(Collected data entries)
== Segment start ==

(* Let $Q$ be a quiver without oriented cycles and $\mathbf{1}$ the dimension vector with $\mathbf{1}(x)=1$ for all $x\in Q_0$. For every $W\in\operatorname{Rep}(Q,\mathbf{1})$, the orbit closure $\overline{\operatorname{GL}(\mathbf{1})W}\subseteq\operatorname{Rep}(Q,\mathbf{1})$ is a normal variety.
   Context: Work over an algebraically closed field $k$ of characteristic zero. $\operatorname{Rep}(Q,\mathbf{1})=k^{Q_1}$ with the torus $\operatorname{GL}(\mathbf{1})=(k^* )^{Q_0}$ acting by $(g\cdot W)(a)=g(ha)W(a)g(ta)^{-1}$; $\overline{\operatorname{GL}(\mathbf{1})W}$ is the Zariski closure of the orbit of $W$. *)

theory Defs
  imports Main "HOL-Computational_Algebra.Polynomial"
begin

definition alg_closed :: "'k::field itself \<Rightarrow> bool" where
  "alg_closed _ \<longleftrightarrow> (\<forall>p :: 'k poly. degree p > 0 \<longrightarrow> (\<exists>x. poly p x = 0))"

inductive_set polyfun :: "(('i \<Rightarrow> 'k::field) \<Rightarrow> 'k) set" where
  const: "(\<lambda>_. c) \<in> polyfun"
| coord: "(\<lambda>x. x i) \<in> polyfun"
| add: "f \<in> polyfun \<Longrightarrow> g \<in> polyfun \<Longrightarrow> (\<lambda>x. f x + g x) \<in> polyfun"
| mult: "f \<in> polyfun \<Longrightarrow> g \<in> polyfun \<Longrightarrow> (\<lambda>x. f x * g x) \<in> polyfun"

definition zariski_closure :: "(('i \<Rightarrow> 'k::field)) set \<Rightarrow> ('i \<Rightarrow> 'k) set" where
  "zariski_closure S = {x. \<forall>p\<in>polyfun. (\<forall>s\<in>S. p s = 0) \<longrightarrow> p x = 0}"

text \<open>Irreducibility of a closed set V: its coordinate ring (polynomial functions restricted to V)
  is an integral domain, i.e. V nonempty and pq = 0 on V forces p = 0 or q = 0 on V.\<close>
definition irreducible_variety :: "('i \<Rightarrow> 'k::field) set \<Rightarrow> bool" where
  "irreducible_variety V \<longleftrightarrow> V \<noteq> {} \<and>
     (\<forall>p\<in>polyfun. \<forall>q\<in>polyfun. (\<forall>x\<in>V. p x * q x = 0) \<longrightarrow> (\<forall>x\<in>V. p x = 0) \<or> (\<forall>x\<in>V. q x = 0))"

text \<open>Normality of an affine variety V: V is irreducible and its coordinate ring k[V]
  (= polynomial functions restricted to V) is integrally closed in its fraction field.
  An element f/g of the fraction field (g not identically zero on V) is integral over k[V]
  iff there are n>0 and c_0,...,c_{n-1} in k[V] with (f/g)^n + sum c_j (f/g)^j = 0,
  i.e. (clearing denominators) f^n + sum c_j f^j g^(n-j) = 0 on V; it lies in k[V] iff
  f = r g on V for some r in k[V].\<close>
definition normal_variety :: "('i \<Rightarrow> 'k::field) set \<Rightarrow> bool" where
  "normal_variety V \<longleftrightarrow> irreducible_variety V \<and>
     (\<forall>f\<in>polyfun. \<forall>g\<in>polyfun. (\<exists>x\<in>V. g x \<noteq> 0) \<longrightarrow>
        (\<forall>n>0. \<forall>c. (\<forall>j<n. c j \<in> polyfun) \<longrightarrow>
            (\<forall>x\<in>V. f x ^ n + (\<Sum>j<n. c j x * f x ^ j * g x ^ (n - j)) = 0) \<longrightarrow>
            (\<exists>r\<in>polyfun. \<forall>x\<in>V. f x = r x * g x)))"

text \<open>Quiver with vertex type 'v and arrow type 'a, head map hd and tail map tl.
  An oriented cycle is a nonempty list of arrows a_0,...,a_{m-1} with t(a_{i+1}) = h(a_i)
  and t(a_0) = h(a_{m-1}).\<close>
definition has_oriented_cycle :: "('a \<Rightarrow> 'v) \<Rightarrow> ('a \<Rightarrow> 'v) \<Rightarrow> bool" where
  "has_oriented_cycle h t \<longleftrightarrow> (\<exists>as. as \<noteq> [] \<and>
      (\<forall>i. Suc i < length as \<longrightarrow> t (as ! Suc i) = h (as ! i)) \<and>
      t (hd as) = h (last as))"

== Segment end ==

* [Instructions for the task] Nothing is to be left out; reproduce each record exactly.

* [Task answer]
(* Let $Q$ be a quiver without oriented cycles and $\mathbf{1}$ the dimension vector with $\mathbf{1}(x)=1$ for all $x\in Q_0$. For every $W\in\operatorname{Rep}(Q,\mathbf{1})$, the orbit closure $\overline{\operatorname{GL}(\mathbf{1})W}\subseteq\operatorname{Rep}(Q,\mathbf{1})$ is a normal variety.
   Context: Work over an algebraically closed field $k$ of characteristic zero. $\operatorname{Rep}(Q,\mathbf{1})=k^{Q_1}$ with the torus $\operatorname{GL}(\mathbf{1})=(k^* )^{Q_0}$ acting by $(g\cdot W)(a)=g(ha)W(a)g(ta)^{-1}$; $\overline{\operatorname{GL}(\mathbf{1})W}$ is the Zariski closure of the orbit of $W$. *)

theory Defs
  imports Main "HOL-Computational_Algebra.Polynomial"
begin

definition alg_closed :: "'k::field itself \<Rightarrow> bool" where
  "alg_closed _ \<longleftrightarrow> (\<forall>p :: 'k poly. degree p > 0 \<longrightarrow> (\<exists>x. poly p x = 0))"

inductive_set polyfun :: "(('i \<Rightarrow> 'k::field) \<Rightarrow> 'k) set" where
  const: "(\<lambda>_. c) \<in> polyfun"
| coord: "(\<lambda>x. x i) \<in> polyfun"
| add: "f \<in> polyfun \<Longrightarrow> g \<in> polyfun \<Longrightarrow> (\<lambda>x. f x + g x) \<in> polyfun"
| mult: "f \<in> polyfun \<Longrightarrow> g \<in> polyfun \<Longrightarrow> (\<lambda>x. f x * g x) \<in> polyfun"

definition zariski_closure :: "(('i \<Rightarrow> 'k::field)) set \<Rightarrow> ('i \<Rightarrow> 'k) set" where
  "zariski_closure S = {x. \<forall>p\<in>polyfun. (\<forall>s\<in>S. p s = 0) \<longrightarrow> p x = 0}"

text \<open>Irreducibility of a closed set V: its coordinate ring (polynomial functions restricted to V)
  is an integral domain, i.e. V nonempty and pq = 0 on V forces p = 0 or q = 0 on V.\<close>
definition irreducible_variety :: "('i \<Rightarrow> 'k::field) set \<Rightarrow> bool" where
  "irreducible_variety V \<longleftrightarrow> V \<noteq> {} \<and>
     (\<forall>p\<in>polyfun. \<forall>q\<in>polyfun. (\<forall>x\<in>V. p x * q x = 0) \<longrightarrow> (\<forall>x\<in>V. p x = 0) \<or> (\<forall>x\<in>V. q x = 0))"

text \<open>Normality of an affine variety V: V is irreducible and its coordinate ring k[V]
  (= polynomial functions restricted to V) is integrally closed in its fraction field.
  An element f/g of the fraction field (g not identically zero on V) is integral over k[V]
  iff there are n>0 and c_0,...,c_{n-1} in k[V] with (f/g)^n + sum c_j (f/g)^j = 0,
  i.e. (clearing denominators) f^n + sum c_j f^j g^(n-j) = 0 on V; it lies in k[V] iff
  f = r g on V for some r in k[V].\<close>
definition normal_variety :: "('i \<Rightarrow> 'k::field) set \<Rightarrow> bool" where
  "normal_variety V \<longleftrightarrow> irreducible_variety V \<and>
     (\<forall>f\<in>polyfun. \<forall>g\<in>polyfun. (\<exists>x\<in>V. g x \<noteq> 0) \<longrightarrow>
        (\<forall>n>0. \<forall>c. (\<forall>j<n. c j \<in> polyfun) \<longrightarrow>
            (\<forall>x\<in>V. f x ^ n + (\<Sum>j<n. c j x * f x ^ j * g x ^ (n - j)) = 0) \<longrightarrow>
            (\<exists>r\<in>polyfun. \<forall>x\<in>V. f x = r x * g x)))"

text \<open>Quiver with vertex type 'v and arrow type 'a, head map hd and tail map tl.
  An oriented cycle is a nonempty list of arrows a_0,...,a_{m-1} with t(a_{i+1}) = h(a_i)
  and t(a_0) = h(a_{m-1}).\<close>
definition has_oriented_cycle :: "('a \<Rightarrow> 'v) \<Rightarrow> ('a \<Rightarrow> 'v) \<Rightarrow> bool" where
  "has_oriented_cycle h t \<longleftrightarrow> (\<exists>as. as \<noteq> [] \<and>
      (\<forall>i. Suc i < length as \<longrightarrow> t (as ! Suc i) = h (as ! i)) \<and>
      t (hd as) = h (last as))"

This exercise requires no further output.